┏━━

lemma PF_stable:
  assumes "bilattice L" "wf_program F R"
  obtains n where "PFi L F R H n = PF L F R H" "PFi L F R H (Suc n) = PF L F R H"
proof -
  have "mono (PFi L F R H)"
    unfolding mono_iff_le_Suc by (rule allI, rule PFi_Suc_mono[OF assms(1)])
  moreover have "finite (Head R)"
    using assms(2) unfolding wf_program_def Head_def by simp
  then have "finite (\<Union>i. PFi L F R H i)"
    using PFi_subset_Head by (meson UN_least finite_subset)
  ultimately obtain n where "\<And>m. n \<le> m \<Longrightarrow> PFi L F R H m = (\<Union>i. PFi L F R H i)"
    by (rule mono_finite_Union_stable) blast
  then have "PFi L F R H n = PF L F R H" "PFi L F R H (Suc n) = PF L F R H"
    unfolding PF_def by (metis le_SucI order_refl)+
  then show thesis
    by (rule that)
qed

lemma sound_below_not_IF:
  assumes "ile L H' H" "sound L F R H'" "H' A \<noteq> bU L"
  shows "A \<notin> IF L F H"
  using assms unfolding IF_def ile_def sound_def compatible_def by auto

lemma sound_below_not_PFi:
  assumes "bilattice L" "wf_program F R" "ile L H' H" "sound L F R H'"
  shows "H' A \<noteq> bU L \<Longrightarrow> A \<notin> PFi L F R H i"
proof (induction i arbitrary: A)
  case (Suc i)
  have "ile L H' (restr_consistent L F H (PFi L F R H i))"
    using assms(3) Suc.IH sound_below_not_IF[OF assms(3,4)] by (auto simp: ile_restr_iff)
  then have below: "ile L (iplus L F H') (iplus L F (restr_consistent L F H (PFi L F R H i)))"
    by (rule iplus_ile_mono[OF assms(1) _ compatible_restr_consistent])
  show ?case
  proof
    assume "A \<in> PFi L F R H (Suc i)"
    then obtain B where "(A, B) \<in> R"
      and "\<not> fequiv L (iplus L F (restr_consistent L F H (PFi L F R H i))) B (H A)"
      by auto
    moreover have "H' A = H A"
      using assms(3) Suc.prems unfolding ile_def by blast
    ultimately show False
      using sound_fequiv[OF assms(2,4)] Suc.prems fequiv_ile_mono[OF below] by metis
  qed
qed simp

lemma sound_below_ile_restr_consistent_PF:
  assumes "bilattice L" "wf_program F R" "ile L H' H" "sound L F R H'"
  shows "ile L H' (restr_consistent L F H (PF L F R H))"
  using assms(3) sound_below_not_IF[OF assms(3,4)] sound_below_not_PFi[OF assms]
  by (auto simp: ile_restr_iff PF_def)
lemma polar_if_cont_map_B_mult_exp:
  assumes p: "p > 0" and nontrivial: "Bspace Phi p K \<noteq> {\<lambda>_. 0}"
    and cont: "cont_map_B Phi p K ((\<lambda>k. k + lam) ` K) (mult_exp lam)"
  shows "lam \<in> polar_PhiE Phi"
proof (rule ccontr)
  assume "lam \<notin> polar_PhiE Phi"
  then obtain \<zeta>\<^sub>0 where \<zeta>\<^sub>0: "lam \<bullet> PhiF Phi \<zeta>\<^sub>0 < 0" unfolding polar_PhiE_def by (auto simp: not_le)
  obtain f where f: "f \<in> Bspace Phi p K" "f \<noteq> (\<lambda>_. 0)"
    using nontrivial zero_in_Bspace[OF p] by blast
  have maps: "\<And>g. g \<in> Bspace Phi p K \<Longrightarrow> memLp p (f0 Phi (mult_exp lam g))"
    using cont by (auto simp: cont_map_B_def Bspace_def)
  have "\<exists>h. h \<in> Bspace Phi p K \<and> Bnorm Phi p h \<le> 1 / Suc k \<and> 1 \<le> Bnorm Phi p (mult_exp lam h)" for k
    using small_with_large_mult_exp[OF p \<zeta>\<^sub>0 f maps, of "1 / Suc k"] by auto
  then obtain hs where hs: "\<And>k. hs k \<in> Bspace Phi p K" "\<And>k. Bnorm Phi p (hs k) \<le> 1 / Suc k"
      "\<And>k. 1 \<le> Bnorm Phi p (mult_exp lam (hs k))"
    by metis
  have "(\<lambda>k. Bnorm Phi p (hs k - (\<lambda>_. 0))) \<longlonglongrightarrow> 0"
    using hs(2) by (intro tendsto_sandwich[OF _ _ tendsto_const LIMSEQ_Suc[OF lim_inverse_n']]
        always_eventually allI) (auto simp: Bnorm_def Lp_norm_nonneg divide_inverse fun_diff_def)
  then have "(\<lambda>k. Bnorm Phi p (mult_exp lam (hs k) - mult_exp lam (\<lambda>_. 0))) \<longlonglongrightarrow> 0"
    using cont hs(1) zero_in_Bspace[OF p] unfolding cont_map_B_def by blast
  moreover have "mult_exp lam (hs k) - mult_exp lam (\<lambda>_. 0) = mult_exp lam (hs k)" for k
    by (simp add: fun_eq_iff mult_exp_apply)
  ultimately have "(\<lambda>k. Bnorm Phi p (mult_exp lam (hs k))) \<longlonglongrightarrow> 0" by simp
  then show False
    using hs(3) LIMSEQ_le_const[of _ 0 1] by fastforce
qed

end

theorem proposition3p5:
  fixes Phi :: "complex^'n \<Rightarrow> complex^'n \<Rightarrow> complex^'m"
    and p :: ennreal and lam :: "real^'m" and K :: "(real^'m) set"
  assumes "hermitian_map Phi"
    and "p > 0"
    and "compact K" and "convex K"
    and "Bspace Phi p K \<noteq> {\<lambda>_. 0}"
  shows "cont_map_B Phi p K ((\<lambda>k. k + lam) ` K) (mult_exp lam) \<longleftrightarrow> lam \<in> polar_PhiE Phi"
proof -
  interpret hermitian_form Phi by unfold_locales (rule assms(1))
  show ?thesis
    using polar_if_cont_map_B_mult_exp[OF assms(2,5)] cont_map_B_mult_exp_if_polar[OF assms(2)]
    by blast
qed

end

┗━━

EXERCISE DESCRIPTION — All of the material should be set down exactly as it reads.

SOLUTION TO THIS EXERCISE —
lemma PF_stable:
  assumes "bilattice L" "wf_program F R"
  obtains n where "PFi L F R H n = PF L F R H" "PFi L F R H (Suc n) = PF L F R H"
proof -
  have "mono (PFi L F R H)"
    unfolding mono_iff_le_Suc by (rule allI, rule PFi_Suc_mono[OF assms(1)])
  moreover have "finite (Head R)"
    using assms(2) unfolding wf_program_def Head_def by simp
  then have "finite (\<Union>i. PFi L F R H i)"
    using PFi_subset_Head by (meson UN_least finite_subset)
  ultimately obtain n where "\<And>m. n \<le> m \<Longrightarrow> PFi L F R H m = (\<Union>i. PFi L F R H i)"
    by (rule mono_finite_Union_stable) blast
  then have "PFi L F R H n = PF L F R H" "PFi L F R H (Suc n) = PF L F R H"
    unfolding PF_def by (metis le_SucI order_refl)+
  then show thesis
    by (rule that)
qed

lemma sound_below_not_IF:
  assumes "ile L H' H" "sound L F R H'" "H' A \<noteq> bU L"
  shows "A \<notin> IF L F H"
  using assms unfolding IF_def ile_def sound_def compatible_def by auto

lemma sound_below_not_PFi:
  assumes "bilattice L" "wf_program F R" "ile L H' H" "sound L F R H'"
  shows "H' A \<noteq> bU L \<Longrightarrow> A \<notin> PFi L F R H i"
proof (induction i arbitrary: A)
  case (Suc i)
  have "ile L H' (restr_consistent L F H (PFi L F R H i))"
    using assms(3) Suc.IH sound_below_not_IF[OF assms(3,4)] by (auto simp: ile_restr_iff)
  then have below: "ile L (iplus L F H') (iplus L F (restr_consistent L F H (PFi L F R H i)))"
    by (rule iplus_ile_mono[OF assms(1) _ compatible_restr_consistent])
  show ?case
  proof
    assume "A \<in> PFi L F R H (Suc i)"
    then obtain B where "(A, B) \<in> R"
      and "\<not> fequiv L (iplus L F (restr_consistent L F H (PFi L F R H i))) B (H A)"
      by auto
    moreover have "H' A = H A"
      using assms(3) Suc.prems unfolding ile_def by blast
    ultimately show False
      using sound_fequiv[OF assms(2,4)] Suc.prems fequiv_ile_mono[OF below] by metis
  qed
qed simp

lemma sound_below_ile_restr_consistent_PF:
  assumes "bilattice L" "wf_program F R" "ile L H' H" "sound L F R H'"
  shows "ile L H' (restr_consistent L F H (PF L F R H))"
  using assms(3) sound_below_not_IF[OF assms(3,4)] sound_below_not_PFi[OF assms]
  by (auto simp: ile_restr_iff PF_def)
lemma polar_if_cont_map_B_mult_exp:
  assumes p: "p > 0" and nontrivial: "Bspace Phi p K \<noteq> {\<lambda>_. 0}"
    and cont: "cont_map_B Phi p K ((\<lambda>k. k + lam) ` K) (mult_exp lam)"
  shows "lam \<in> polar_PhiE Phi"
proof (rule ccontr)
  assume "lam \<notin> polar_PhiE Phi"
  then obtain \<zeta>\<^sub>0 where \<zeta>\<^sub>0: "lam \<bullet> PhiF Phi \<zeta>\<^sub>0 < 0" unfolding polar_PhiE_def by (auto simp: not_le)
  obtain f where f: "f \<in> Bspace Phi p K" "f \<noteq> (\<lambda>_. 0)"
    using nontrivial zero_in_Bspace[OF p] by blast
  have maps: "\<And>g. g \<in> Bspace Phi p K \<Longrightarrow> memLp p (f0 Phi (mult_exp lam g))"
    using cont by (auto simp: cont_map_B_def Bspace_def)
  have "\<exists>h. h \<in> Bspace Phi p K \<and> Bnorm Phi p h \<le> 1 / Suc k \<and> 1 \<le> Bnorm Phi p (mult_exp lam h)" for k
    using small_with_large_mult_exp[OF p \<zeta>\<^sub>0 f maps, of "1 / Suc k"] by auto
  then obtain hs where hs: "\<And>k. hs k \<in> Bspace Phi p K" "\<And>k. Bnorm Phi p (hs k) \<le> 1 / Suc k"
      "\<And>k. 1 \<le> Bnorm Phi p (mult_exp lam (hs k))"
    by metis
  have "(\<lambda>k. Bnorm Phi p (hs k - (\<lambda>_. 0))) \<longlonglongrightarrow> 0"
    using hs(2) by (intro tendsto_sandwich[OF _ _ tendsto_const LIMSEQ_Suc[OF lim_inverse_n']]
        always_eventually allI) (auto simp: Bnorm_def Lp_norm_nonneg divide_inverse fun_diff_def)
  then have "(\<lambda>k. Bnorm Phi p (mult_exp lam (hs k) - mult_exp lam (\<lambda>_. 0))) \<longlonglongrightarrow> 0"
    using cont hs(1) zero_in_Bspace[OF p] unfolding cont_map_B_def by blast
  moreover have "mult_exp lam (hs k) - mult_exp lam (\<lambda>_. 0) = mult_exp lam (hs k)" for k
    by (simp add: fun_eq_iff mult_exp_apply)
  ultimately have "(\<lambda>k. Bnorm Phi p (mult_exp lam (hs k))) \<longlonglongrightarrow> 0" by simp
  then show False
    using hs(3) LIMSEQ_le_const[of _ 0 1] by fastforce
qed

end

theorem proposition3p5:
  fixes Phi :: "complex^'n \<Rightarrow> complex^'n \<Rightarrow> complex^'m"
    and p :: ennreal and lam :: "real^'m" and K :: "(real^'m) set"
  assumes "hermitian_map Phi"
    and "p > 0"
    and "compact K" and "convex K"
    and "Bspace Phi p K \<noteq> {\<lambda>_. 0}"
  shows "cont_map_B Phi p K ((\<lambda>k. k + lam) ` K) (mult_exp lam) \<longleftrightarrow> lam \<in> polar_PhiE Phi"
proof -
  interpret hermitian_form Phi by unfold_locales (rule assms(1))
  show ?thesis
    using polar_if_cont_map_B_mult_exp[OF assms(2,5)] cont_map_B_mult_exp_if_polar[OF assms(2)]
    by blast
qed

end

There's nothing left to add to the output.